Solved via preconditioned conjugate gradient on a bilateral grid — effectively where , converging in 15–30 iterations, 3–5ms on GPU at 1080p.
Stage 2: From Pixels to Layers
With harmonized depth in hand, each SAM mask gets robust depth statistics (median and MAD — more resilient to boundary noise than mean/std). Then agglomerative clustering groups masks into layers:
Two masks belong to the same depth layer if their depth distributions overlap significantly — controlled by a statistical overlap factor and a minimum absolute gap. Complete linkage ensures no two masks within a layer are too far apart in depth.
Each resulting layer gets per-pixel depth, RGB, alpha, and a sort key for back-to-front compositing. For real-time rendering, layers can be triangulated into meshes (constrained Delaunay, decimated to ~10K triangles per layer) or quantized into a Multi-Plane Image with 32–64 depth planes.
Stage 3: Filling In What's Hidden
When you lift a foreground object to its depth plane, you expose a hole in the background layer — pixels that were never observed. Both RGB and depth need to be hallucinated.

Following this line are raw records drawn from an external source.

(* In $FVB_3$, the elements $$h_0=\big[t_{1,2},[t_{2,3},t_{1,3}]\big],\qquad h_1=\big[t_{1,2},[d_{1,2,3},t_{1,3}]\big]$$ generate a subgroup isomorphic to the free group of rank $2$.
   Context: $FVB_3$ is the group with generators $\sigma_1,\sigma_2,\rho_1,\rho_2$ and defining relations $\sigma_i^2=\rho_i^2=1$ ($i=1,2$), $\sigma_1\sigma_2\sigma_1=\sigma_2\sigma_1\sigma_2$, $\rho_1\rho_2\rho_1=\rho_2\rho_1\rho_2$, $\rho_1\rho_2\sigma_1=\sigma_2\rho_1\rho_2$. Define $\lambda_{1,2}=\rho_1\sigma_1$, $\lambda_{2,3}=\rho_2\sigma_2$, $\lambda_{1,3}=\rho_2\lambda_{1,2}\rho_2$; $t_{i,j}=\lambda_{i,j}^2$ and $d_{1,2,3}=\lambda_{2,3}^{-1}\lambda_{1,2}^{-1}\lambda_{2,3}\lambda_{1,3}$. Commutators are $[g,h]=ghg^{-1}h^{-1}$. *)

theory Defs
  imports "HOL-Algebra.Algebra"
begin

text \<open>A word over generators of type 'g: a list of letters (g, True) = g, (g, False) = g^-1.\<close>
type_synonym 'g word = "('g \<times> bool) list"

definition word_inv :: "'g word \<Rightarrow> 'g word" where
  "word_inv w = rev (map (\<lambda>(g, b). (g, \<not> b)) w)"

definition words_over :: "'g set \<Rightarrow> 'g word set" where
  "words_over S = {w. fst ` set w \<subseteq> S}"

inductive_set pres_rel :: "'g set \<Rightarrow> 'g word set \<Rightarrow> ('g word \<times> 'g word) set"
  for S :: "'g set" and R :: "'g word set" where
  refl: "w \<in> words_over S \<Longrightarrow> (w, w) \<in> pres_rel S R"
| sym: "(u, v) \<in> pres_rel S R \<Longrightarrow> (v, u) \<in> pres_rel S R"
| trans: "(u, v) \<in> pres_rel S R \<Longrightarrow> (v, w) \<in> pres_rel S R \<Longrightarrow> (u, w) \<in> pres_rel S R"
| cancel: "u \<in> words_over S \<Longrightarrow> v \<in> words_over S \<Longrightarrow> a \<in> S \<Longrightarrow>
           (u @ [(a, b), (a, \<not> b)] @ v, u @ v) \<in> pres_rel S R"
| relator: "r \<in> R \<Longrightarrow> r \<in> words_over S \<Longrightarrow> u \<in> words_over S \<Longrightarrow> v \<in> words_over S \<Longrightarrow>
           (u @ r @ v, u @ v) \<in> pres_rel S R"

definition pres_mult :: "'g set \<Rightarrow> 'g word set \<Rightarrow> 'g word set \<Rightarrow> 'g word set \<Rightarrow> 'g word set" where
  "pres_mult gs rs A B = pres_rel gs rs `` {w. \<exists>x\<in>A. \<exists>y\<in>B. w = x @ y}"

definition presented_group :: "'g set \<Rightarrow> 'g word set \<Rightarrow> ('g word set) monoid" where
  "presented_group S R =
     \<lparr> carrier = (\<lambda>w. pres_rel S R `` {w}) ` words_over S,
       monoid.mult = pres_mult S R,
       monoid.one = pres_rel S R `` {[]} \<rparr>"

definition pres_gen :: "'g set \<Rightarrow> 'g word set \<Rightarrow> 'g \<Rightarrow> 'g word set" where
  "pres_gen S R a = pres_rel S R `` {[(a, True)]}"

definition free_group2 :: "(nat word set) monoid" where
  "free_group2 = presented_group {0, 1} {}"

The fast path uses LaMa (a Fourier convolution inpainter) for RGB and Telea/harmonic PDE for depth — deterministic, 8–15ms total, good enough for real-time. For higher quality on static frames, a 4-step DDIM diffusion refinement produces more coherent textures at ~50–80ms.
The inpainting is embarrassingly parallel across layers — each layer's hole is independent. Launch concurrent GPU kernels or batch all holes into a single padded tensor.
Performance Budget at 30fps
| Stage | Algorithm | GPU latency (1080p) |
|---|---|---|
| 1. Harmonization | Bilateral solver (PCG) | 3–5ms |
| 2. Layer extraction | Agglomerative clustering | 1–2ms |
| 3a. Depth inpainting | Telea / harmonic PDE | 1–2ms |
| 3b. RGB inpainting | LaMa (fast) or DDIM-4 (quality) | 8–15ms / 40–80ms |
| 4. Render | MPI alpha compositing | 5–8ms |
Fast path total: ~20–30ms — fits in 33ms at 30fps. Quality path (with diffusion): ~60–100ms, suitable for offline or keyframe workflows.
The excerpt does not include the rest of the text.